In the following, we assume that you have downloaded the MDM metapackage from https://github.com/larsys/markov_decision_making.git into a working Catkin workspace, compiled the respective workspace with catkin_make, and updated your environment variables.
Then, you can run the demo:
roslaunch mdm_example ISR_demo.launch
Once the demo is running, Rviz will show up, and your view should be similar to the following screen capture:
In this window you can see a small Pioneer 3-AT robot, simulated in Stage, patrolling its office environment. The robot follows an MDP policy, which is saved as a plain text file in 'mdm_example/config/MDP_policy'.
In the particular case of MDPs, a deterministic policy can be written as a simple array, which specifies the index of the action that the agent should take, for each state in its model of the environment. The file looks like the following:
[12](0,0,0,1,3,1,1,1,1,2,0,0)
This array is written in the boost::ublas::io format. For different decision-theoretic frameworks, the policy may need to be written in a different format.
While the demo is running, you will be able to see the following important ROS topics:
- /agent/100/state
- /agent/100/action
By echoing these topics, you can see the state and action of your agent in real time. The state of the system is being computed by means of the topological_tools package. Open the file 'mdm_example/maps/ISR_label_map.png'. It will look like the following:
This figure is actually a copy of map that is being used for navigation by move_base, but colored in such a way as to distinguish the different topological regions of this environment. Each color corresponds to a different named state.
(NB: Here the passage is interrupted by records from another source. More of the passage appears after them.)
(* Let $\zeta\in G\setminus\{0\}$ and let $f,g:G\times G\to\mathbb{C}$ be functions such that $L_aL_b=f(a,b)L_{a+b}+g(a,b)L_{a+b+\zeta}$ ($a,b\in G$) defines a CLSAS on $\mathcal{W}$. Suppose that there exist $\gamma\in\mathbb{C}$ and $\lambda\in G$ with $\gamma\neq\lambda$ such that $f(a,b)=\lambda+b$ whenever $\lambda+a+b\neq0$ and $f(a,b)=\frac{(\lambda+b)(\gamma-\lambda-b)}{\gamma-\lambda}$ whenever $\lambda+a+b=0$. Then $g(a,b)=0$ for all $a,b\in G$.
   Context: $G$ is a free (additive) subgroup of $\mathbb{C}$ of rank $\nu>1$. The high rank Witt algebra $\mathcal{W}$ has basis $\{L_a\mid a\in G\}$ and bracket $[L_a,L_b]=(b-a)L_{a+b}$. A left-symmetric algebra is a complex vector space with bilinear product satisfying $(xy)z-x(yz)=(yx)z-y(xz)$; a compatible left-symmetric algebraic structure (CLSAS) on a Lie algebra $\mathfrak g$ is such a product on $\mathfrak g$ with $xy-yx=[x,y]$. *)

theory Defs
  imports Complex_Main
begin

definition free_subgroup_rank_gt1 :: "complex set \<Rightarrow> bool" where
  "free_subgroup_rank_gt1 G \<longleftrightarrow>
     (\<exists>B. (\<forall>S k. finite S \<and> S \<subseteq> B \<and> (\<Sum>s\<in>S. of_int (k s) * s) = 0
                 \<longrightarrow> (\<forall>s\<in>S. k s = (0::int)))
        \<and> G = {\<Sum>s\<in>S. of_int (k s) * s | S k. finite S \<and> S \<subseteq> B}
        \<and> (infinite B \<or> card B \<ge> 2))"

text \<open>Elements of the Witt algebra W: finitely supported coefficient functions
  on G, x = sum over a of (x a) L_a.\<close>
definition witt_elem :: "complex set \<Rightarrow> (complex \<Rightarrow> complex) \<Rightarrow> bool" where
  "witt_elem G x \<longleftrightarrow> (\<forall>c. c \<notin> G \<longrightarrow> x c = 0) \<and> finite {c. x c \<noteq> 0}"

definition Lb :: "complex \<Rightarrow> complex \<Rightarrow> complex" where
  "Lb a = (\<lambda>c. if c = a then 1 else 0)"

definition witt_bracket :: "(complex \<Rightarrow> complex) \<Rightarrow> (complex \<Rightarrow> complex) \<Rightarrow> complex \<Rightarrow> complex" where
  "witt_bracket x y = (\<lambda>c. \<Sum>a\<in>{a. x a \<noteq> 0}. \<Sum>b\<in>{b. y b \<noteq> 0}.
       x a * y b * (if c = a + b then b - a else 0))"

definition fg_prod :: "(complex \<Rightarrow> complex \<Rightarrow> complex) \<Rightarrow> (complex \<Rightarrow> complex \<Rightarrow> complex) \<Rightarrow> complex
    \<Rightarrow> (complex \<Rightarrow> complex) \<Rightarrow> (complex \<Rightarrow> complex) \<Rightarrow> complex \<Rightarrow> complex" where
  "fg_prod f g \<zeta> x y = (\<lambda>c. \<Sum>a\<in>{a. x a \<noteq> 0}. \<Sum>b\<in>{b. y b \<noteq> 0}.
       x a * y b * ((if c = a + b then f a b else 0) + (if c = a + b + \<zeta> then g a b else 0)))"

definition is_CLSAS :: "complex set \<Rightarrow> ((complex \<Rightarrow> complex) \<Rightarrow> (complex \<Rightarrow> complex) \<Rightarrow> complex \<Rightarrow> complex) \<Rightarrow> bool" where
  "is_CLSAS G m \<longleftrightarrow>
     (\<forall>x y. witt_elem G x \<longrightarrow> witt_elem G y \<longrightarrow> witt_elem G (m x y)) \<and>
     (\<forall>x y z. witt_elem G x \<longrightarrow> witt_elem G y \<longrightarrow> witt_elem G z \<longrightarrow>
        m (m x y) z - m x (m y z) = m (m y x) z - m y (m x z)) \<and>
     (\<forall>x y. witt_elem G x \<longrightarrow> witt_elem G y \<longrightarrow> m x y - m y x = witt_bracket x y)"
This correspondence is specified in the file 'mdm_example/config/predicate_labels.yaml'.
During execution, a pose labeler node returns the text label associated with the current position of the robot. Then, the main predicate_manager node converts that label into a logical-valued predicate, symbolizing the fact that the robot is in the respective room. The State Layer for this problem then converts that logical-valued representation into an index of a state of our MDP. This state is mapped to an action, through the policy that we saw above.
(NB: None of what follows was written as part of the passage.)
(* Let $\mathbf b,\mathbf b'\in\mathrm{Seq}(B,d)$. Then $\mathbf b^*:=b_1^*\cdots b_d^*\in\mathrm{Seq}(B^*,d)$, and $(y_{\mathbf b'},y_{\mathbf b^*})_d=\pm\, d!\,\delta_{\mathbf b\sim\mathbf b'}$, where $\delta_{\mathbf b\sim\mathbf b'}$ is $1$ if $\mathbf b\sim\mathbf b'$ and $0$ otherwise.
   Context: Let $R$ be a principal ideal domain of characteristic $0$. Supermodules are $\mathbb Z/2$-graded, $|v|$ is the parity of a homogeneous $v$. A calibrated $R$-supermodule is a free $R$-supermodule $V=V_{\bar0}\oplus V_{\bar1}$ of finite rank with a decomposition $V_{\bar0}=V_{\mathfrak a}\oplus V_{\mathfrak c}$ into free $R$-submodules; given bases $B_{\mathfrak a},B_{\mathfrak c},B_{\bar1}$ of these three pieces and a total order on $B=B_{\mathfrak a}\sqcup B_{\mathfrak c}\sqcup B_{\bar1}$, define: $\mathfrak S_d$ acts on $V^{\otimes d}$ on the right by $(v_1\otimes\cdots\otimes v_d)^\sigma=(-1)^{\langle\sigma;\mathbf v\rangle}v_{\sigma1}\otimes\cdots\otimes v_{\sigma d}$, $\langle\sigma;\mathbf v\rangle$ = number of $k<l$ with $\sigma^{-1}k>\sigma^{-1}l$ and $v_k,v_l$ odd; $\mathfrak S_d$ acts on $B^d$ by place permutations and $\sim$ means same orbit; for $\mathbf b\in B^d$, $\langle\mathbf b\rangle$ = number of $k<l$ with $b_k,b_l\in B_{\bar1}$, $b_k>b_l$; $[\mathbf b]^!_{\mathfrak c}=\prod_{b\in B_{\mathfrak c}}\#\{k:b_k=b\}!$; $\mathrm{Seq}(B,d)$ = tuples in $B^d$ in which only elements of $B_{\mathfrak a}\sqcup B_{\mathfrak c}$ may repeat; $x_{\mathbf b}=\sum(-1)^{\langle\mathbf b\rangle+\langle\mathbf b'\rangle}b'_1\otimes\cdots\otimes b'_d$ over distinct $\mathbf b'\sim\mathbf b$, and $y_{\mathbf b}=[\mathbf b]^!_{\mathfrak c}x_{\mathbf b}$. Setting: $V$ is a calibrated $R$-supermodule equipped with an even, non-degenerate, $R$-valued bilinear form $(\cdot,\cdot)$ which is supersymmetric or superantisymmetric, such that $(V_{\mathfrak a},V_{\mathfrak a})=0$ and the restriction of $(\cdot,\cdot)$ to $V_{\mathfrak a}\times V_{\mathfrak c}$ is a perfect pairing. Choose bases $B_{\mathfrak a}=\{a_1,\dots,a_r\}$, $B_{\mathfrak c}=\{c_1,\dots,c_r\}$ with $(a_i,c_j)=\delta_{i,j}$, a basis $B_{\bar1}$ of $V_{\bar1}$, and $B=B_{\mathfrak a}\sqcup B_{\mathfrak c}\sqcup B_{\bar1}$. Let $B^*=\{b^*:b\in B\}$ be the dual basis, $(b',b^* )=\delta_{b,b'}$ for $b,b'\in B$. Then $c_i^*=\pm a_i$, and $V$ is also calibrated with the same $V_{\mathfrak a}$ and complement $V'_{\mathfrak c}=\mathrm{span}_R\{a_1^*,\dots,a_r^*\}$, with basis $B^*$ split as $B^*_{\mathfrak a}=\{c_i^*\}$, $B^*_{\mathfrak c}=\{a_i^*\}$, $B^*_{\bar1}=\{b^*:b\in B_{\bar1}\}$ (and some fixed total order on $B^*$); $\mathrm{Seq}(B^*,d)$ and $y_{\mathbf b^*}$ are formed with respect to this data. The form extends to $V^{\otimes d}$ by $(v_1\otimes\cdots\otimes v_d,w_1\otimes\cdots\otimes w_d)_d=(-1)^{\langle\mathbf v,\mathbf w\rangle}(v_1,w_1)\cdots(v_d,w_d)$, where $\langle\mathbf v,\mathbf w\rangle$ is the number of pairs $k>l$ with $v_k$ and $w_l$ odd. *)

theory Defs
  imports Main "HOL-Combinatorics.Permutations"
begin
The action, in turn, is mapped into a move_base goal, through the agent's Action Layer, again by using utilities from the topological_tools package. The file 'mdm_example/config/topological_map.xml' contains an XML description of the topological layout of this environment (a connected graph) and the representative positions of each of these topological areas. Each time that the robot takes an "action" in one of these "states", it recovers a specific goal pose from the topological map, which is then sent to the navigation module of the robot, completing the loop.
Note that, although this example makes heavy use of tools and concepts that make sense only in topological navigation problems, this is merely for explanatory purposes -- the library is by no means restricted to this class of problems. The important message of this example lies in its control flow, which is generic across all MDP-based agents: first, the sensorial data (or features computed from that data) of the robot is mapped into a "state" or "observation" that is compatible with our decision-theoretic representation of the environment; a control policy then maps that state or observation into an action; and that action is then mapped back into a control signal that makes sense for the robot.